# Comcast M-Card Availability



## ram8704 (Apr 9, 2010)

This is my first post so bear with me. I am looking to get a tivo premier, and I went to my local comcast center to see if the have m-cards in stock. I was told they do not carry them at all. This is strange since a lot of people on here seem to be able to get them from their center. I live in Boston MA if that helps. I just find it silly to pay for a guy to bring a card. I don't need them to set it up. This is getting on my nerves. Any info will be helpful.


----------



## MikeAndrews (Jan 17, 2002)

When I had the first 2 of my CableCARDs installed 2 years ago, all they had was M-cards.

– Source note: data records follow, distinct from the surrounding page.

lemma liouville_normal_form:
  fixes y y' m m' :: "real \<Rightarrow> real"
  assumes "(y has_real_derivative y' x) (at x)" "(y' has_real_derivative y'' x) (at x)"
    and "(m has_real_derivative m' x) (at x)" "(m' has_real_derivative m'' x) (at x)"
    and ode: "y'' x + P * y' x - Q * y x = 0" and "2 * m' x = P * m x" and "m x \<noteq> 0"
  shows "((\<lambda>t. m t * y t) has_real_derivative m' x * y x + m x * y' x) (at x)"
    and "((\<lambda>t. m' t * y t + m t * y' t) has_real_derivative (m'' x / m x + Q) * (m x * y x)) (at x)"
proof -
  show "((\<lambda>t. m t * y t) has_real_derivative m' x * y x + m x * y' x) (at x)"
    using assms by (auto intro!: derivative_eq_intros)
  have "m x * y'' x + 2 * m' x * y' x = m x * (y'' x + P * y' x) + (2 * m' x - P * m x) * y' x"
    by (simp add: algebra_simps)
  also have "\<dots> = Q * (m x * y x)"
    using ode \<open>2 * m' x = P * m x\<close> by (simp add: algebra_simps)
  finally have normal: "m x * y'' x + 2 * m' x * y' x = Q * (m x * y x)" .
  have "m'' x * y x + m' x * y' x + (m' x * y' x + y'' x * m x)
      = m'' x * y x + (m x * y'' x + 2 * m' x * y' x)"
    by (simp add: algebra_simps)
  also have "\<dots> = (m'' x / m x + Q) * (m x * y x)"
    unfolding normal using \<open>m x \<noteq> 0\<close> by (simp add: field_simps)
  finally have "m'' x * y x + m' x * y' x + (m' x * y' x + y'' x * m x) = (m'' x / m x + Q) * (m x * y x)" .
  then show "((\<lambda>t. m' t * y t + m t * y' t) has_real_derivative (m'' x / m x + Q) * (m x * y x)) (at x)"
    using assms by (auto intro!: derivative_eq_intros)
qed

I didn't look but I think I just got two more M-cards.

Methinks the Comcast people you talked to don't know squat from M-cards. Just order and don't sign off on the install if the tech actually shows up with an S-Card.


----------



## ram8704 (Apr 9, 2010)

So I can just order the card without the install?


----------



## MikeAndrews (Jan 17, 2002)

ram8704 said:


> So I can just order the card without the install?


Don't think so. Comcast's policy is to do a truck roll. I gotta think that they have enough of a problem just walking their own techs through the hassle. Mere civilians are likely to freak.


----------



## CraigK (Jun 9, 2006)

netringer said:


> Don't think so. Comcast's policy is to do a truck roll. I gotta think that they have enough of a problem just walking their own techs through the hassle. Mere civilians are likely to freak.

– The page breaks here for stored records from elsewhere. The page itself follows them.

(* When $n$ agents have additive valuations over chores and equal entitlements, the AlgChores allocation algorithm gives every agent $i$ a bundle of cost at most $\frac{4n-1}{3n}APS_i$.
   Context: A set $\mathcal{M}$ of $m$ indivisible chores is allocated to $n$ agents, each agent $i$ having an additive disvaluation (cost) function $c_i$ and entitlement (responsibility) $b_i=\frac{1}{n}$. The anyprice share for chores is $APS(c_i,b_i)=\max_{P}\min_{\{S\subseteq\mathcal{M}\,:\,\sum_{j\in S}p_j\ge b_i\}} c_i(S)$, where $P=(p_1,\ldots,p_m)$ ranges over nonnegative price vectors with $\sum_j p_j=1$. An instance is identically ordered (IDO) if chores can be indexed $e_1,\ldots,e_m$ so that $c_i(e_j)\ge c_i(e_k)$ for every agent $i$ and every $j<k$. AlgChores (of Barman and Krishnamurthy 2020), on an IDO instance: start with all bundles empty; for $r=1,\ldots,m$, choose an agent $i$ who envies no other agent, add chore $e_r$ to her bundle, and then resolve envy cycles (by rotating bundles along cycles in the envy graph); output the resulting allocation. On general instances, AlgChores is run via the standard reduction to IDO instances, which preserves the approximation guarantee. *)

theory Defs
  imports Main "HOL.Real"
begin

text \<open>Agents are 0..n-1, chores are 0..m-1 (chore j corresponds to e_(j+1)).
  A cost profile is c :: nat => nat => real, c i j = cost of chore j for agent i.\<close>

definition cost :: "(nat \<Rightarrow> nat \<Rightarrow> real) \<Rightarrow> nat \<Rightarrow> nat set \<Rightarrow> real" where
  "cost c i S = (\<Sum>j\<in>S. c i j)"

definition aps_chores :: "nat \<Rightarrow> (nat \<Rightarrow> real) \<Rightarrow> real \<Rightarrow> real" where
  "aps_chores m ci b =
     Sup ((\<lambda>p. Min ((\<lambda>S. \<Sum>j\<in>S. ci j) ` {S. S \<subseteq> {..<m} \<and> (\<Sum>j\<in>S. p j) \<ge> b}))
          ` {p :: nat \<Rightarrow> real. (\<forall>j<m. 0 \<le> p j) \<and> (\<Sum>j<m. p j) = 1})"

definition is_ido :: "(nat \<Rightarrow> nat \<Rightarrow> real) \<Rightarrow> nat \<Rightarrow> nat \<Rightarrow> bool" where
  "is_ido c n m \<longleftrightarrow> (\<forall>i<n. \<forall>j k. j < k \<and> k < m \<longrightarrow> c i k \<le> c i j)"

definition envies :: "(nat \<Rightarrow> nat \<Rightarrow> real) \<Rightarrow> (nat \<Rightarrow> nat set) \<Rightarrow> nat \<Rightarrow> nat \<Rightarrow> bool" where
  "envies c A i k \<longleftrightarrow> cost c i (A k) < cost c i (A i)"

definition is_envy_cycle :: "(nat \<Rightarrow> nat \<Rightarrow> real) \<Rightarrow> nat \<Rightarrow> (nat \<Rightarrow> nat set) \<Rightarrow> nat list \<Rightarrow> bool" where
  "is_envy_cycle c n A cyc \<longleftrightarrow> 2 \<le> length cyc \<and> distinct cyc \<and> set cyc \<subseteq> {..<n} \<and>
     (\<forall>j<length cyc. envies c A (cyc ! j) (cyc ! ((j + 1) mod length cyc)))"

definition rotate_cycle :: "(nat \<Rightarrow> nat \<Rightarrow> real) \<Rightarrow> nat \<Rightarrow> (nat \<Rightarrow> nat set) \<Rightarrow> (nat \<Rightarrow> nat set) \<Rightarrow> bool" where
  "rotate_cycle c n A A' \<longleftrightarrow> (\<exists>cyc. is_envy_cycle c n A cyc \<and>
     (\<forall>j<length cyc. A' (cyc ! j) = A (cyc ! ((j + 1) mod length cyc))) \<and>
     (\<forall>a. a \<notin> set cyc \<longrightarrow> A' a = A a))"

definition resolve_cycles :: "(nat \<Rightarrow> nat \<Rightarrow> real) \<Rightarrow> nat \<Rightarrow> (nat \<Rightarrow> nat set) \<Rightarrow> (nat \<Rightarrow> nat set) \<Rightarrow> bool" where
  "resolve_cycles c n A A' \<longleftrightarrow> (rotate_cycle c n)\<^sup>*\<^sup>* A A' \<and> \<not> (\<exists>cyc. is_envy_cycle c n A' cyc)"

text \<open>Executions of AlgChores on an IDO instance: alg_chores_ido c n r A means that after
  allocating chores 0..r-1 (= e_1..e_r) some execution can be in state A.
  The output allocations are those A with alg_chores_ido c n m A.\<close>
inductive alg_chores_ido :: "(nat \<Rightarrow> nat \<Rightarrow> real) \<Rightarrow> nat \<Rightarrow> nat \<Rightarrow> (nat \<Rightarrow> nat set) \<Rightarrow> bool"
  for c n where
  init: "alg_chores_ido c n 0 (\<lambda>_. {})"
| step: "\<lbrakk> alg_chores_ido c n r A; i < n; \<forall>k<n. \<not> envies c A i k;
          resolve_cycles c n (A(i := insert r (A i))) A' \<rbrakk>
        \<Longrightarrow> alg_chores_ido c n (Suc r) A'"

text \<open>Standard reduction to IDO instances. The IDO instance: agent i's cost for chore j is
  her (j+1)-th largest cost.\<close>
definition ido_of :: "(nat \<Rightarrow> nat \<Rightarrow> real) \<Rightarrow> nat \<Rightarrow> nat \<Rightarrow> nat \<Rightarrow> real" where
  "ido_of c m i j = rev (sort (map (c i) [0..<m])) ! j"

text \<open>Converting an allocation A of the IDO instance back: for j = m-1 down to 0, the agent
  holding chore j in A picks a least costly (for her) remaining chore.
  reduction_pick c n m A k R B: after k picks, R is the set of remaining chores, B the allocation.\<close>
inductive reduction_pick :: "(nat \<Rightarrow> nat \<Rightarrow> real) \<Rightarrow> nat \<Rightarrow> nat \<Rightarrow> (nat \<Rightarrow> nat set)
    \<Rightarrow> nat \<Rightarrow> nat set \<Rightarrow> (nat \<Rightarrow> nat set) \<Rightarrow> bool"
  for c n m A where
  init: "reduction_pick c n m A 0 {..<m} (\<lambda>_. {})"
| step: "\<lbrakk> reduction_pick c n m A k R B; k < m; i < n; m - 1 - k \<in> A i;
          e \<in> R; \<forall>e'\<in>R. c i e \<le> c i e' \<rbrakk>
        \<Longrightarrow> reduction_pick c n m A (Suc k) (R - {e}) (B(i := insert e (B i)))"

end

theory Submission
  imports Defs "HOL-Library.Disjoint_Sets" "HOL-Combinatorics.Cycles" "HOL-Combinatorics.List_Permutation"
begin

text \<open>Write T i for the share APS_i(1/n). AlgChores maintains the invariant that every agent i
  either pays at most T i or envies no bundle by more than T i / 3. Rotating an envy cycle
  permutes the bundles without raising anybody's cost, so it keeps the invariant. When the
  envy-free agent i receives the next chore e_r, she envies by at most c_i(e_r) afterwards, which is
  fine if c_i(e_r) \<le> T i / 3. Otherwise, pricing each bundle at 2/(2n+1) (spread evenly over its
  chores) and e_r at 1/(2n+1), some bundle S of price at least 1/n costs at most T i; since the
  instance is identically ordered, S cannot contain three chores among e_1..e_r, so it contains a
  chore forming a bundle of its own, which i does not envy, together with a chore at least as
  costly as e_r, and her new cost is at most T i. In the end, an agent of the second kind pays V with
  n V - (n - 1) T i / 3 \<le> c_i(M) \<le> n T i, i.e. V \<le> (4n - 1)/(3n) T i.
  For general instances, the picking sequence charges every agent at most her cost in the IDO
  instance, whose shares are no larger.\<close>

section \<open>The anyprice share\<close>

definition is_price_vector :: "nat \<Rightarrow> (nat \<Rightarrow> real) \<Rightarrow> bool" where
  "is_price_vector m p \<longleftrightarrow> (\<forall>j<m. 0 \<le> p j) \<and> (\<Sum>j<m. p j) = 1"

lemma aps_chores_eq_Sup:
  "aps_chores m ci b =
     Sup ((\<lambda>p. Min ((\<lambda>S. \<Sum>j\<in>S. ci j) ` {S. S \<subseteq> {..<m} \<and> b \<le> (\<Sum>j\<in>S. p j)}))
          ` Collect (is_price_vector m))"
  unfolding aps_chores_def is_price_vector_def by simp

lemma finite_affordable_bundles:
  fixes p :: "nat \<Rightarrow> real"
  shows "finite {S. S \<subseteq> {..<m} \<and> b \<le> (\<Sum>j\<in>S. p j)}"
  by (rule finite_subset[of _ "Pow {..<m}"]) auto

lemma bundle_cost_le_aps_chores:
  assumes p: "is_price_vector m p" and "b \<le> 1"
  obtains S where "S \<subseteq> {..<m}" "b \<le> (\<Sum>j\<in>S. p j)" "(\<Sum>j\<in>S. ci j) \<le> aps_chores m ci b"
proof -
  let ?affordable = "\<lambda>p. {S. S \<subseteq> {..<m} \<and> b \<le> (\<Sum>j\<in>S. p j)}"
  let ?F = "\<lambda>p. Min ((\<lambda>S. \<Sum>j\<in>S. ci j) ` ?affordable p)"
  have everything_affordable: "{..<m} \<in> ?affordable q" if "is_price_vector m q" for q
    using that \<open>b \<le> 1\<close> by (simp add: is_price_vector_def)
  have "bdd_above (?F ` Collect (is_price_vector m))"
  proof (rule bdd_aboveI2)
    fix q assume "q \<in> Collect (is_price_vector m)"
    then show "?F q \<le> (\<Sum>j<m. ci j)"
      using everything_affordable finite_affordable_bundles by (intro Min_le) auto
  qed
  then have "?F p \<le> aps_chores m ci b"
    unfolding aps_chores_eq_Sup using p by (intro cSup_upper) auto
  moreover have "?F p \<in> (\<lambda>S. \<Sum>j\<in>S. ci j) ` ?affordable p"
    using everything_affordable[OF p] finite_affordable_bundles by (intro Min_in) auto
  ultimately show ?thesis using that by auto
qed

lemma aps_chores_le:
  assumes "0 < m"
    and affordable: "\<And>p. is_price_vector m p \<Longrightarrow>
           \<exists>S\<subseteq>{..<m}. b \<le> (\<Sum>j\<in>S. p j) \<and> (\<Sum>j\<in>S. ci j) \<le> X"
  shows "aps_chores m ci b \<le> X"
  unfolding aps_chores_eq_Sup
proof (rule cSup_least)
  have "is_price_vector m (\<lambda>j. of_bool (j = 0))"
    using \<open>0 < m\<close> by (simp add: is_price_vector_def)
  then show "(\<lambda>p. Min ((\<lambda>S. \<Sum>j\<in>S. ci j) ` {S. S \<subseteq> {..<m} \<and> b \<le> (\<Sum>j\<in>S. p j)}))
      ` Collect (is_price_vector m) \<noteq> {}" by blast
next
  fix x assume "x \<in> (\<lambda>p. Min ((\<lambda>S. \<Sum>j\<in>S. ci j) ` {S. S \<subseteq> {..<m} \<and> b \<le> (\<Sum>j\<in>S. p j)}))
      ` Collect (is_price_vector m)"
  then obtain p where p: "is_price_vector m p"
    and x: "x = Min ((\<lambda>S. \<Sum>j\<in>S. ci j) ` {S. S \<subseteq> {..<m} \<and> b \<le> (\<Sum>j\<in>S. p j)})" by blast
  obtain S where "S \<subseteq> {..<m}" "b \<le> (\<Sum>j\<in>S. p j)" "(\<Sum>j\<in>S. ci j) \<le> X"
    using affordable[OF p] by blast
  moreover from this have "x \<le> (\<Sum>j\<in>S. ci j)"
    unfolding x using finite_affordable_bundles by (intro Min_le) auto
  ultimately show "x \<le> X" by linarith
qed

Depends on where your Comcast service is. Several members here that are in the Seattle area (including myself) have done self-installs (usually without incident).


----------



## cruiserandmax (Apr 7, 2008)

CraigK said:


> Depends on where your Comcast service is. Several members here that are in the Seattle area (including myself) have done self-installs (usually without incident).


In San Francisco you can just walk to the local Comcast store an ask for an M-card, and they'll give you one to go home with so you can plug it into your device and do the rest of the setup over the phone any time (24x7)


----------



## caddyroger (Mar 15, 2005)

netringer said:


> Don't think so. Comcast's policy is to do a truck roll. I gotta think that they have enough of a problem just walking their own techs through the hassle. Mere civilians are likely to freak.

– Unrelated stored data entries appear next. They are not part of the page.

lemma rec_set_eq_iff:
  assumes "prob_space Pr" "sets Pr = sets \<Omega>"
  shows "rec_set G Pr = G \<longleftrightarrow> (\<forall>s\<in>G. \<forall>\<epsilon>>0. AE \<omega> in Pr. \<omega> \<in> near_io s \<epsilon>)"
proof -
  interpret prob_space Pr by fact
  have space: "space Pr = space \<Omega>" using assms(2) by (rule sets_eq_imp_space_eq)
  have event: "{\<omega> \<in> space Pr. infinite {n. norm (Sn n \<omega> - s) < \<epsilon>}} = near_io s \<epsilon>" for s \<epsilon>
    by (simp add: near_io_def space)
  have "measure Pr (near_io s \<epsilon>) = 1 \<longleftrightarrow> (AE \<omega> in Pr. \<omega> \<in> near_io s \<epsilon>)" for s \<epsilon>
    using prob_eq_1 assms(2) by simp
  then show ?thesis unfolding rec_set_def event by auto
qed

lemma rec_set_init_law_iff:
  assumes "prob_space \<mu>" "sets \<mu> = sets M"
  shows "rec_set G (init_law L \<mu>) = G
    \<longleftrightarrow> (\<forall>s\<in>G. \<forall>\<epsilon>>0. AE x in \<mu>. AE \<omega> in L (x, 0). \<omega> \<in> near_io s \<epsilon>)"
  using rec_set_eq_iff[OF init_law_space[OF assms]] AE_init_law[OF assms(2) near_io_pred] by simp

lemma AE_visit_of_start_measure_eq_1:
  assumes x: "x \<in> space M"
    and "measure (init_law L (return M x))
           {\<omega> \<in> space (init_law L (return M x)). infinite {n. Xn n \<omega> \<in> W}} = 1"
  shows "AE \<omega> in L (x, 0). \<exists>n. Xn n \<omega> \<in> W"
  using AE_of_start_measure_eq_1[OF assms] by (rule eventually_mono) (use not_finite_existsD in blast)

end

(* The walk lives on a subgroup G of \<real>\<^sup>2 (only closure under differences is needed). *)
locale mrw_lattice = mrw_chain +
  fixes G :: "(real^2) set"
  assumes G_diff: "\<And>a b. a \<in> G \<Longrightarrow> b \<in> G \<Longrightarrow> a - b \<in> G"
    and lattice: "\<And>x n. x \<in> space M \<Longrightarrow> AE \<omega> in L (x, 0). Sn n \<omega> \<in> G"
begin

definition recurrent_start :: "'a \<Rightarrow> bool" where
  "recurrent_start x \<longleftrightarrow> (\<forall>s\<in>G. \<forall>\<epsilon>>0. AE \<omega> in L (x, 0). \<omega> \<in> near_io s \<epsilon>)"

lemma rec_set_start_iff:
  "x \<in> space M \<Longrightarrow> rec_set G (init_law L (return M x)) = G \<longleftrightarrow> recurrent_start x"
  using rec_set_eq_iff[OF L_space(1,2)] unfolding recurrent_start_def
  by (simp add: init_law_return space_pair_measure)

(* At the visiting time n the walk is at
   (X_n, S_n) with S_n \<in> G; by translation invariance, X_n \<in> W makes the event near s sure from
   there, and AE_hit_sure_set transfers this back to time 0. *)
lemma recurrent_start_if_visits:
  assumes x: "x \<in> space M"
    and W: "W \<subseteq> {y \<in> space M. recurrent_start y}"
    and visits: "AE \<omega> in L (x, 0). \<exists>n. Xn n \<omega> \<in> W"
  shows "recurrent_start x"
  unfolding recurrent_start_def
proof (intro ballI allI impI)
  fix s and \<epsilon> :: real assume s: "s \<in> G" and \<epsilon>: "\<epsilon> > 0"
  have x0: "(x, 0) \<in> space N" using x by (simp add: space_pair_measure)
  have "AE \<omega> in L (x, 0). \<forall>n. Sn n \<omega> \<in> G"
    using lattice[OF x] by (simp add: AE_all_countable)
  moreover have "AE \<omega> in L (x, 0). \<forall>k. \<omega> !! k \<in> sure_set s \<epsilon> \<longrightarrow> \<omega> \<in> near_io s \<epsilon>"
    unfolding AE_all_countable using AE_hit_sure_set[OF x0] by blast
  ultimately show "AE \<omega> in L (x, 0). \<omega> \<in> near_io s \<epsilon>"
    using visits
  proof eventually_elim
    case (elim \<omega>)
    then obtain n where n: "Xn n \<omega> \<in> W" by blast
    have "(Xn n \<omega>, 0) \<in> sure_set (s - Sn n \<omega>) \<epsilon>"
      using n W G_diff[OF s] elim(1) \<epsilon>
      by (auto simp: sure_set_def recurrent_start_def space_pair_measure)
    then have "\<omega> !! n \<in> sure_set s \<epsilon>"
      using sure_set_translate n W by (force simp: Xn_def Sn_def)
    then show ?case using elim(2) by blast
  qed
qed

(* Recurrence only has to be tested on countably many targets and radii: a countable dense
   subset C of G and the radii 1 / Suc k. *)
lemma recurrent_start_countable_test:
  obtains C where "countable C" "C \<subseteq> G"
    "\<And>x. (\<forall>c\<in>C. \<forall>k::nat. AE \<omega> in L (x, 0). \<omega> \<in> near_io c (1 / Suc k)) \<Longrightarrow> recurrent_start x"
proof -
  obtain C where C: "countable C" "C \<subseteq> G" "G \<subseteq> closure C"
    by (rule separable)
  have "recurrent_start x" if test: "\<forall>c\<in>C. \<forall>k::nat. AE \<omega> in L (x, 0). \<omega> \<in> near_io c (1 / Suc k)"
    for x
    unfolding recurrent_start_def
  proof (intro ballI allI impI)
    fix s and \<epsilon> :: real assume s: "s \<in> G" and \<epsilon>: "\<epsilon> > 0"
    obtain k :: nat where k: "2 / \<epsilon> < real k"
      using reals_Archimedean2 by blast
    define \<delta> where "\<delta> = 1 / real (Suc k)"
    have \<delta>: "\<delta> > 0" "2 * \<delta> < \<epsilon>"
      using k \<epsilon> unfolding \<delta>_def by (auto simp: field_simps)
    obtain c where c: "c \<in> C" "dist c s < \<delta>"
      using s C(3) \<delta>(1) closure_approachable by blast
    have near: "near_io c \<delta> \<subseteq> near_io s \<epsilon>"
      using c(2) \<delta> by (intro near_io_mono) simp
    have "AE \<omega> in L (x, 0). \<omega> \<in> near_io c \<delta>"
      using test c(1) unfolding \<delta>_def by blast
    then show "AE \<omega> in L (x, 0). \<omega> \<in> near_io s \<epsilon>"
      by (rule eventually_mono) (use near in blast)
  qed
  then show thesis using C that by blast
qed

(* Part (ii): if \<pi>-almost every start is recurrent for each fixed target and radius, then
   (by the countable test) the set B of \<pi>-almost surely recurrent starts has \<pi>-measure one,
   Harris recurrence makes every chain visit B, and part (i) applies. *)
lemma recurrent_start_everywhere:
  assumes \<pi>: "prob_space \<pi>" "sets \<pi> = sets M"
    and harris: "\<And>B x. B \<in> sets M \<Longrightarrow> measure \<pi> B > 0 \<Longrightarrow> x \<in> space M \<Longrightarrow>
        AE \<omega> in L (x, 0). \<exists>n. Xn n \<omega> \<in> B"
    and recurrent_\<pi>: "\<And>s \<epsilon>. s \<in> G \<Longrightarrow> \<epsilon> > 0 \<Longrightarrow> AE x in \<pi>. AE \<omega> in L (x, 0). \<omega> \<in> near_io s \<epsilon>"
    and x: "x \<in> space M"
  shows "recurrent_start x"
proof -
  interpret \<pi>: prob_space \<pi> by fact
  have space_\<pi>: "space \<pi> = space M" using \<pi>(2) by (rule sets_eq_imp_space_eq)
  obtain C where C: "countable C" "C \<subseteq> G"
    and test: "\<And>y. (\<forall>c\<in>C. \<forall>k::nat. AE \<omega> in L (y, 0). \<omega> \<in> near_io c (1 / Suc k)) \<Longrightarrow> recurrent_start y"
    using recurrent_start_countable_test by blast
  define B where "B = {y \<in> space M. \<forall>c\<in>C. \<forall>k::nat. (y, 0) \<in> sure_set c (1 / Suc k)}"
  have B_sets: "B \<in> sets M"
    unfolding B_def using C(1) by measurable
  have "AE y in \<pi>. \<forall>c\<in>C. \<forall>k::nat. AE \<omega> in L (y, 0). \<omega> \<in> near_io c (1 / Suc k)"
    using C recurrent_\<pi> by (simp add: AE_ball_countable AE_all_countable subset_iff)
  then have "AE y in \<pi>. y \<in> B"
    using AE_space[of \<pi>] by eventually_elim (auto simp: B_def sure_set_def space_pair_measure space_\<pi>)
  then have "measure \<pi> B > 0"
    using \<pi>.prob_eq_1[of B] B_sets \<pi>(2) by simp
  moreover have "B \<subseteq> {y \<in> space M. recurrent_start y}"
    using test by (auto simp: B_def sure_set_def)
  ultimately show ?thesis
    using recurrent_start_if_visits[OF x] harris[OF B_sets _ x] by blast
qed

end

 I am in the the Tacoma Wa area. I went in and picked up my m-card. It depends on what area you are in.


----------



## ObiWanJenkins (Dec 31, 2004)

netringer said:


> Don't think so. Comcast's policy is to do a truck roll. I gotta think that they have enough of a problem just walking their own techs through the hassle. Mere civilians are likely to freak.


The issue with cable card tech-only installs is about the equipment. The cards are quite expensive, and my experience with SIKs is that a great many consumers think they know alot more than they do. Comcast is protecting its investment. For every one of you that can get it up and running quickly and easily, there are 1000 people that will break the things and then blame Comcast, costing a truck roll and a new piece of equipment.


----------



## riekl (Jan 29, 2001)

ObiWanJenkins said:


> The issue with cable card tech-only installs is about the equipment. The cards are quite expensive, and my experience with SIKs is that a great many consumers think they know alot more than they do. Comcast is protecting its investment. For every one of you that can get it up and running quickly and easily, there are 1000 people that will break the things and then blame Comcast, costing a truck roll and a new piece of equipment.


This rationale would sound great and even logical. If only .. Comcast didn't have a problem sending home $600 HD DVR's with mere consumers to hook up themselves.

Your line of reasoning == fail


----------



## ram8704 (Apr 9, 2010)

Just ordered my premiere. I envy all you guys that can get the cards yourselves. Half the time comcast comes to my house they she my house find out I'm in the tech field and ask for a job. Yet I'm paying them to do something I can do with my toes.


----------



## Rich8899 (Aug 21, 2004)

RAMS...

Comcast in MA does have cards. Order the truck roll and if they can't get the card they'll credit your bill $20. It only took 2 truck rolls to get mine in Medway MA


----------



## ldobson (Jan 18, 2004)

Unfortunately the Comcast Cable Card systems are very clunky, and most of the time it takes direct communication to the head-end to make it work. Even with direct communication to head-end it often requires they send several staged hits and try multiple cards to get them to work. I had an install a few days a go, the technician was very knowledgeable and had his own Series 3, still it took two cable cards and lots of attempts by sending a staged hit and refresh to the box to make it work. in all these cases trying to get the box past the "Waiting for CP Auth..." can be frustrating.


----------



## vansmack (Dec 1, 2003)

cruiserandmax said:


> In San Francisco you can just walk to the local Comcast store an ask for an M-card, and they'll give you one to go home with so you can plug it into your device and do the rest of the setup over the phone any time (24x7)


Yep. Or an online tech chat session will work too.


----------